WORK INSTRUCTIONS -> Among the entries below, please repeat exactly and only the lines from the line containing "by (induction A" to the line containing "by (simp add: lmult_def)", both lines included.

DATA PROVIDED ->
(* Let $K_{1,n}$ be the star graph with $n+1$ vertices and $n$ edges. Then $\mathcal{P}_d(\mathcal{E}_{K_{1,n}})=\emptyset$ for every $d\geq n+1$.
   Context: Work over an algebraically closed field $k$. The Fomin–Kirillov algebra $\mathcal{E}_m$ is the graded $k$-algebra generated by degree-$1$ elements $x_{ij}$, $1\leq i<j\leq m$, subject to: $x_{ij}^2=0$; $x_{ij}x_{kl}=x_{kl}x_{ij}$ whenever $\{i,j\}\cap\{k,l\}=\emptyset$; $x_{ij}x_{jk}-x_{jk}x_{ik}-x_{ik}x_{ij}=0$ and $x_{jk}x_{ij}-x_{ik}x_{jk}-x_{ij}x_{ik}=0$ for $i<j<k$. For a graph $G$ on vertex set $\{1,\dots,m\}$, $\mathcal{E}_G$ is the subalgebra of $\mathcal{E}_m$ generated by the $x_{ij}$ with $\{i,j\}$ an edge of $G$; here $K_{1,n}$ is viewed as a graph on $n+1$ labelled vertices (one centre joined to the other $n$). A degree-$d$ truncated point module over a connected graded algebra $A$ generated in degree $1$ is a graded cyclic module generated in degree $0$ with Hilbert series $1+t+\cdots+t^d$; $\mathcal{P}_d(A)$ is the space of such modules. *)

theory Defs
  imports "HOL-Computational_Algebra.Polynomial"
begin

definition alg_closed :: "'k::field itself \<Rightarrow> bool" where
  "alg_closed _ \<longleftrightarrow> (\<forall>p :: 'k poly. degree p > 0 \<longrightarrow> (\<exists>x. poly p x = 0))"

text \<open>A noncommutative polynomial is a function from words (lists of generators)
  to coefficients; the word x1 x2 ... xr is the list [x1, x2, ..., xr].\<close>

type_synonym ('g, 'k) ncpoly = "'g list \<Rightarrow> 'k"

definition mono :: "'g list \<Rightarrow> ('g, 'k::field) ncpoly" where
  "mono w = (\<lambda>u. if u = w then 1 else 0)"

definition padd :: "('g, 'k::field) ncpoly \<Rightarrow> ('g, 'k) ncpoly \<Rightarrow> ('g, 'k) ncpoly" where
  "padd p q = (\<lambda>w. p w + q w)"

definition psub :: "('g, 'k::field) ncpoly \<Rightarrow> ('g, 'k) ncpoly \<Rightarrow> ('g, 'k) ncpoly" where
  "psub p q = (\<lambda>w. p w - q w)"

definition psmult :: "'k::field \<Rightarrow> ('g, 'k) ncpoly \<Rightarrow> ('g, 'k) ncpoly" where
  "psmult c p = (\<lambda>w. c * p w)"

definition pmul :: "('g, 'k::field) ncpoly \<Rightarrow> ('g, 'k) ncpoly \<Rightarrow> ('g, 'k) ncpoly" where
  "pmul p q = (\<lambda>w. \<Sum>i\<in>{0..length w}. p (take i w) * q (drop i w))"

inductive_set two_sided_ideal :: "('g, 'k::field) ncpoly set \<Rightarrow> ('g, 'k) ncpoly set"
  for R where
    zero: "(\<lambda>_. 0) \<in> two_sided_ideal R"
  | gen: "r \<in> R \<Longrightarrow> pmul (pmul (psmult c (mono u)) r) (mono v) \<in> two_sided_ideal R"
  | add: "p \<in> two_sided_ideal R \<Longrightarrow> q \<in> two_sided_ideal R \<Longrightarrow> padd p q \<in> two_sided_ideal R"

text \<open>Generator x_ij (1 \<le> i < j \<le> m) is represented by the pair (i,j).\<close>

definition fk_gens :: "nat \<Rightarrow> (nat \<times> nat) set" where
  "fk_gens m = {(i, j). 1 \<le> i \<and> i < j \<and> j \<le> m}"

definition fk_rels :: "nat \<Rightarrow> (nat \<times> nat, 'k::field) ncpoly set" where
  "fk_rels m =
     {mono [(i, j), (i, j)] | i j. (i, j) \<in> fk_gens m}
   \<union> {psub (mono [(i, j), (k, l)]) (mono [(k, l), (i, j)]) | i j k l.
        (i, j) \<in> fk_gens m \<and> (k, l) \<in> fk_gens m \<and> {i, j} \<inter> {k, l} = {}}
   \<union> {psub (psub (mono [(i, j), (j, k)]) (mono [(j, k), (i, k)])) (mono [(i, k), (i, j)]) | i j k.
        1 \<le> i \<and> i < j \<and> j < k \<and> k \<le> m}
   \<union> {psub (psub (mono [(j, k), (i, j)]) (mono [(i, k), (j, k)])) (mono [(i, j), (i, k)]) | i j k.
        1 \<le> i \<and> i < j \<and> j < k \<and> k \<le> m}"

definition fk_ideal :: "nat \<Rightarrow> (nat \<times> nat, 'k::field) ncpoly set" where
  "fk_ideal m = two_sided_ideal (fk_rels m)"

definition free_alg :: "'g set \<Rightarrow> ('g, 'k::field) ncpoly set" where
  "free_alg E = {f. finite {w. f w \<noteq> 0} \<and> (\<forall>w. f w \<noteq> 0 \<longrightarrow> set w \<subseteq> E)}"

text \<open>The subalgebra E_G of E_m generated by the x_e, e \<in> E, is the image of
  free_alg E in E_m = free_alg / J_m, i.e. free_alg E / (free_alg E \<inter> J_m).
  This is its ideal of relations.\<close>

definition subalg_rel_ideal :: "nat \<Rightarrow> (nat \<times> nat) set \<Rightarrow> (nat \<times> nat, 'k::field) ncpoly set" where
  "subalg_rel_ideal m E = free_alg E \<inter> fk_ideal m"

text \<open>K_{1,n} on vertices 1..n+1 with centre c; edge {c,v} corresponds to x_{min,max}.\<close>

definition star_edges :: "nat \<Rightarrow> nat \<Rightarrow> (nat \<times> nat) set" where
  "star_edges n c = {(min c v, max c v) | v. v \<in> {1..n+1} \<and> v \<noteq> c}"

text \<open>A graded module with Hilbert series 1 + t + ... + t^d: M = k^{d+1}, coordinate i
  being the degree-i component M_i (one-dimensional). A degree-1 generator x_e acts by a
  degree-1 linear map M_i \<rightarrow> M_{i+1}, i.e. by a scalar a i e (and kills M_d).\<close>

definition Mspace :: "nat \<Rightarrow> (nat \<Rightarrow> 'k::field) set" where
  "Mspace d = {v. \<forall>i>d. v i = 0}"

definition gen_act :: "(nat \<Rightarrow> 'g \<Rightarrow> 'k::field) \<Rightarrow> nat \<Rightarrow> 'g \<Rightarrow> (nat \<Rightarrow> 'k) \<Rightarrow> (nat \<Rightarrow> 'k)" where
  "gen_act a d x v = (\<lambda>j. if j = 0 \<or> j > d then 0 else a (j - 1) x * v (j - 1))"

definition word_act :: "(nat \<Rightarrow> 'g \<Rightarrow> 'k::field) \<Rightarrow> nat \<Rightarrow> 'g list \<Rightarrow> (nat \<Rightarrow> 'k) \<Rightarrow> (nat \<Rightarrow> 'k)" where
  "word_act a d w v = foldr (gen_act a d) w v"

definition poly_act :: "(nat \<Rightarrow> 'g \<Rightarrow> 'k::field) \<Rightarrow> nat \<Rightarrow> ('g, 'k) ncpoly \<Rightarrow> (nat \<Rightarrow> 'k) \<Rightarrow> (nat \<Rightarrow> 'k)" where
  "poly_act a d f v = (\<lambda>j. \<Sum>w\<in>{w. f w \<noteq> 0}. f w * word_act a d w v j)"

definition deg0_gen :: "nat \<Rightarrow> 'k::field" where
  "deg0_gen = (\<lambda>j. if j = 0 then 1 else 0)"

text \<open>a defines a degree-d truncated point module over E_G (G with edge set E in E_m):
  the action of the free algebra on E factors through E_G (the relations act by 0),
  and M is cyclic, generated by the degree-0 element.\<close>

definition truncated_point_module ::
  "nat \<Rightarrow> (nat \<times> nat) set \<Rightarrow> nat \<Rightarrow> (nat \<Rightarrow> nat \<times> nat \<Rightarrow> 'k::field) \<Rightarrow> bool" where
  "truncated_point_module m E d a \<longleftrightarrow>
     (\<forall>f \<in> subalg_rel_ideal m E. \<forall>v \<in> Mspace d. poly_act a d f v = (\<lambda>_. 0)) \<and>
     (\<forall>v \<in> Mspace d. \<exists>f \<in> free_alg E. v = poly_act a d f deg0_gen)"

text \<open>P_d(E_G): all such module structures (emptiness is independent of taking
  isomorphism classes).\<close>

definition point_modules :: "'k::field itself \<Rightarrow> nat \<Rightarrow> (nat \<times> nat) set \<Rightarrow> nat \<Rightarrow> (nat \<Rightarrow> nat \<times> nat \<Rightarrow> 'k) set" where
  "point_modules _ m E d = {a. truncated_point_module m E d a}"

end

theory Submission
  imports Defs "HOL-Library.Function_Algebras"
begin

text \<open>In a truncated point module \<open>M = M_0 \<oplus> ... \<oplus> M_d\<close> over the star algebra, every
  generator \<open>x_cu\<close> maps \<open>M_s\<close> to \<open>M_(s+1)\<close> by a scalar, and cyclicity forces some leaf
  \<open>u\<close> to act nontrivially at every step \<open>s < d\<close>. For distinct leaves \<open>v_1, ..., v_k\<close> the
  Fomin--Kirillov relations imply the cyclic relation
  \<open>\<Sum>_j x_(c v_(j+1)) x_(c v_(j+2)) ... x_(c v_(j+k+1)) = 0\<close> (indices mod \<open>k\<close>), by induction on
  \<open>k\<close> from the three-term and commutation relations. If a leaf \<open>v\<close> acted nontrivially at
  steps \<open>i\<close> and \<open>i + k\<close> with \<open>k\<close> minimal, the leaves used at the steps in between would
  be distinct and different from \<open>v\<close>, and the cyclic relation for this cycle, applied to
  \<open>M_i\<close>, would have exactly one nonzero term. So the leaves used at the steps
  \<open>0, ..., d - 1\<close> are pairwise distinct, and \<open>d \<le> n\<close>.\<close>

lemma sum_fun_apply: "(sum f A) x = (\<Sum>j\<in>A. f j x)"
  by (induction A rule: infinite_finite_induct) auto

section \<open>Multiplication by words in the free algebra\<close>

definition lmult :: "'g list \<Rightarrow> ('g, 'k::field) ncpoly \<Rightarrow> ('g, 'k) ncpoly" where
  "lmult u p = (\<lambda>w. if take (length u) w = u then p (drop (length u) w) else 0)"

definition rmult :: "('g, 'k::field) ncpoly \<Rightarrow> 'g list \<Rightarrow> ('g, 'k) ncpoly" where
  "rmult p v = (\<lambda>w. if drop (length w - length v) w = v then p (take (length w - length v) w) else 0)"

lemma lmult_append [simp]: "lmult u p (u @ z) = p z"
  by (simp add: lmult_def)

lemma rmult_append [simp]: "rmult p v (z @ v) = p z"
  by (simp add: rmult_def)

lemma lmult_not_prefix: "(\<And>z. w \<noteq> u @ z) \<Longrightarrow> lmult u p w = 0"
  by (metis append_take_drop_id lmult_def)

lemma rmult_not_suffix: "(\<And>z. w \<noteq> z @ v) \<Longrightarrow> rmult p v w = 0"
  by (metis append_take_drop_id rmult_def)
text \<open>Beyond the stabilisation point \<open>N\<close> of the diagonal all entries agree, and each of the
  finitely many columns \<open>n < N\<close> stabilises on its own.\<close>

lemma right_noetherian_wrt_array_stable:
  fixes L :: "nat \<Rightarrow> nat \<Rightarrow> 'a::ab_group_add set"
  assumes noeth: "right_noetherian_wrt mul"
    and ideal: "\<And>n j. right_ideal_wrt mul (L n j)"
    and mono: "\<And>n n' j j'. n \<le> n' \<Longrightarrow> j \<le> j' \<Longrightarrow> L n j \<subseteq> L n' j'"
  shows "\<exists>M. \<forall>n j. M \<le> j \<longrightarrow> L n j = L n M"
proof -
  have "\<exists>N. \<forall>n\<ge>N. L n n = L N N"
    by (rule right_noetherian_wrtD[OF noeth]) (simp_all add: ideal mono)
  then obtain N where N: "\<And>n. N \<le> n \<Longrightarrow> L n n = L N N" by blast
  have corner: "L n j = L N N" if "N \<le> n" "N \<le> j" for n j
  proof
    have "L n j \<subseteq> L (max n j) (max n j)" by (rule mono) auto
    then show "L n j \<subseteq> L N N" using N that by (metis le_max_iff_disj)
    show "L N N \<subseteq> L n j" using that by (rule mono)
  qed
  have "\<exists>c. \<forall>j\<ge>c. L n j = L n c" for n
    by (rule right_noetherian_wrtD[OF noeth]) (simp_all add: ideal mono)
  then obtain C where C: "\<And>n j. C n \<le> j \<Longrightarrow> L n j = L n (C n)"
    using choice[of "\<lambda>n c. \<forall>j\<ge>c. L n j = L n c"] by blast
  define M where "M = N + (\<Sum>n<N. C n)"
  have "L n j = L n M" if "M \<le> j" for n j
  proof (cases "N \<le> n")
    case True
    moreover have "N \<le> M" by (simp add: M_def)
    ultimately show ?thesis using corner[of n j] corner[of n M] that by simp
  next
    case False
    then have "C n \<le> M" unfolding M_def using member_le_sum[of n "{..<N}" C] by simp
    then show ?thesis using C that by (metis order_trans)
  qed
  then show ?thesis by blast
qed

definition right_span :: "'a::ring_1 set \<Rightarrow> 'a set" where
  "right_span A = {\<Sum>a\<in>A. a * r a | r. True}"

lemma right_span_right_ideal: "right_ideal_wrt (*) (right_span A)"
  unfolding right_ideal_wrt_def
proof (intro conjI ballI allI)
  show "0 \<in> right_span A"
    unfolding right_span_def by (rule CollectI, rule exI[of _ "\<lambda>_. 0"]) simp
next
  fix x y assume "x \<in> right_span A" "y \<in> right_span A"
  then obtain r r' where "x = (\<Sum>a\<in>A. a * r a)" "y = (\<Sum>a\<in>A. a * r' a)"
    unfolding right_span_def by blast
  then show "x - y \<in> right_span A" unfolding right_span_def
    by (intro CollectI exI[of _ "\<lambda>a. r a - r' a"]) (simp add: right_diff_distrib sum_subtractf)
next
  fix x s assume "x \<in> right_span A"
  then obtain r where "x = (\<Sum>a\<in>A. a * r a)" unfolding right_span_def by blast
  then show "x * s \<in> right_span A" unfolding right_span_def
    by (intro CollectI exI[of _ "\<lambda>a. r a * s"]) (simp add: sum_distrib_right mult.assoc)
qed

lemma right_span_insert_mono:
  assumes "finite A"
  shows "right_span A \<subseteq> right_span (insert x A)"
proof (cases "x \<in> A")
  case False
  show ?thesis
  proof
    fix y assume "y \<in> right_span A"
    then obtain r where r: "y = (\<Sum>a\<in>A. a * r a)" unfolding right_span_def by blast
    have "(\<Sum>a\<in>insert x A. a * (r(x := 0)) a) = y"
      unfolding r using False assms by (auto intro: sum.cong)
    then show "y \<in> right_span (insert x A)" unfolding right_span_def by blast
  qed
qed (simp add: insert_absorb)

lemma right_span_insert_mem:
  assumes "finite A"
  shows "x \<in> right_span (insert x A)"
proof -
  have "(\<Sum>a\<in>insert x A. a * (if a = x then 1 else 0)) = x"
    using assms by (simp add: if_distrib cong: if_cong)
  then show ?thesis unfolding right_span_def
    by (intro CollectI exI[of _ "\<lambda>a. if a = x then 1 else 0"]) simp
qed
(* For each $i\in\{1,\dots,m\}$ let $A_i:\mathbb{R}^n\rightrightarrows\mathbb{R}^n$ be a maximally monotone symmetric linear relation. Then the infimal convolution $f=q_{A_1}\,\square\cdots\square\,q_{A_m}$ is a generalized linear-quadratic function and $$\partial f=\Big(\sum_{i=1}^mA_i^{-1}\Big)^{-1},$$ the parallel sum of the $A_i$.
   Context: A linear relation is an operator $\mathbb{R}^n\rightrightarrows\mathbb{R}^n$ whose graph is a linear subspace; monotone: $\langle x^*-y^*,x-y\rangle\ge0$ on the graph; maximally monotone: no monotone operator with strictly larger graph; symmetric: $\langle x,y^*\rangle=\langle y,x^*\rangle$ for all $(x,x^* ),(y,y^* )$ in the graph. Inverses are set-valued; sums are pointwise Minkowski sums. For a monotone linear relation $B$, $q_B(x)=\frac12\langle x,Bx\rangle$ on $\operatorname{dom}B$ and $\infty$ elsewhere. Infimal convolution: $(g\,\square\,h)(x)=\inf_y\{g(y)+h(x-y)\}$. $\partial$ denotes the Fenchel subdifferential. A generalized linear-quadratic function is one of the form $x\mapsto\frac12\langle x-a,B(x-a)\rangle+\langle b,x\rangle+c$ with $B$ a linear relation. *)

theory Defs
  imports "HOL-Analysis.Analysis" "HOL-Library.Extended_Real"
begin

text \<open>Set-valued operators on R^n are represented by their graphs.\<close>
type_synonym 'n rel = "((real^'n) \<times> (real^'n)) set"

definition linear_relation :: "('n::finite) rel \<Rightarrow> bool" where
  "linear_relation A \<longleftrightarrow> subspace A"

definition monotone_rel :: "('n::finite) rel \<Rightarrow> bool" where
  "monotone_rel A \<longleftrightarrow>
     (\<forall>x x' y y'. (x, x') \<in> A \<longrightarrow> (y, y') \<in> A \<longrightarrow> 0 \<le> (x' - y') \<bullet> (x - y))"

definition maximally_monotone :: "('n::finite) rel \<Rightarrow> bool" where
  "maximally_monotone A \<longleftrightarrow> monotone_rel A \<and>
     (\<forall>B. monotone_rel B \<longrightarrow> A \<subseteq> B \<longrightarrow> B = A)"

definition symmetric_rel :: "('n::finite) rel \<Rightarrow> bool" where
  "symmetric_rel A \<longleftrightarrow>
     (\<forall>x x' y y'. (x, x') \<in> A \<longrightarrow> (y, y') \<in> A \<longrightarrow> x \<bullet> y' = y \<bullet> x')"

text \<open>q_B(x) = 1/2 <x, Bx> on dom B (any element of Bx; the value is independent of
  the choice for monotone linear relations), +\<infinity> elsewhere.\<close>
definition qB :: "('n::finite) rel \<Rightarrow> real^'n::finite \<Rightarrow> ereal" where
  "qB B x = (if x \<in> Domain B then ereal (1/2 * (x \<bullet> (SOME y. (x, y) \<in> B))) else \<infinity>)"

definition infconv :: "nat \<Rightarrow> (nat \<Rightarrow> real^'n::finite \<Rightarrow> ereal) \<Rightarrow> real^'n \<Rightarrow> ereal" where
  "infconv m F x = Inf {(\<Sum>i\<in>{1..m}. F i (y i)) | y. (\<Sum>i\<in>{1..m}. y i) = x}"

definition rel_sum :: "nat \<Rightarrow> (nat \<Rightarrow> ('n::finite) rel) \<Rightarrow> ('n::finite) rel" where
  "rel_sum m A = {(x, \<Sum>i\<in>{1..m}. y i) | x y. \<forall>i\<in>{1..m}. (x, y i) \<in> A i}"

definition subdiff :: "(real^'n::finite \<Rightarrow> ereal) \<Rightarrow> ('n::finite) rel" where
  "subdiff f = {(x, s). \<bar>f x\<bar> \<noteq> \<infinity> \<and>
                   (\<forall>y. f y \<ge> f x + ereal (s \<bullet> (y - x)))}"

definition gen_linear_quadratic :: "(real^'n::finite \<Rightarrow> ereal) \<Rightarrow> bool" where
  "gen_linear_quadratic f \<longleftrightarrow>
     (\<exists>B a b c. linear_relation B \<and> monotone_rel B \<and>
        (\<forall>x. f x = qB B (x - a) + ereal (b \<bullet> x + c)))"

end

theory Submission
  imports Defs
begin

text \<open>
  A maximally monotone symmetric linear relation A is Lagrangian: it equals its orthogonal
  complement for the symplectic form <x, w> - <y, u> on R^n \<times> R^n. Indeed maximality forces
  A 0 to be the orthogonal complement of dom A, and symmetry does the rest. Lagrangian relations
  are closed under inversion and under sums (by finite-dimensional duality, the orthogonal
  complement of dom S \<inter> dom T is the sum of those of dom S and dom T), so the parallel sum P of
  the A_i is Lagrangian, and it is monotone.

  If x = x_1 + ... + x_m with one u in every A_i x_i, then u is a common subgradient of the
  convex quadratics q_{A_i} at the x_i, so this decomposition attains the infimum, with value
  q_P(x); points outside dom P have no decomposition of finite cost, because every sum of
  points of the dom A_i lies in dom P. Hence the infimal convolution is q_P, and for a monotone
  Lagrangian P a subgradient of q_P at x differs from an element of P x by a vector orthogonal
  to dom P, i.e. by an element of P 0, so that the subdifferential of q_P is P.
\<close>

section \<open>Orthogonal complements\<close>

lemma mem_orthogonal_comp: "e \<in> W\<^sup>\<bottom> \<longleftrightarrow> (\<forall>x\<in>W. x \<bullet> e = 0)"
  unfolding orthogonal_comp_def orthogonal_def by simp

SOLUTION FOR THIS EXERCISE ->
  by (induction A rule: infinite_finite_induct) auto

section \<open>Multiplication by words in the free algebra\<close>

definition lmult :: "'g list \<Rightarrow> ('g, 'k::field) ncpoly \<Rightarrow> ('g, 'k) ncpoly" where
  "lmult u p = (\<lambda>w. if take (length u) w = u then p (drop (length u) w) else 0)"

definition rmult :: "('g, 'k::field) ncpoly \<Rightarrow> 'g list \<Rightarrow> ('g, 'k) ncpoly" where
  "rmult p v = (\<lambda>w. if drop (length w - length v) w = v then p (take (length w - length v) w) else 0)"

lemma lmult_append [simp]: "lmult u p (u @ z) = p z"
  by (simp add: lmult_def)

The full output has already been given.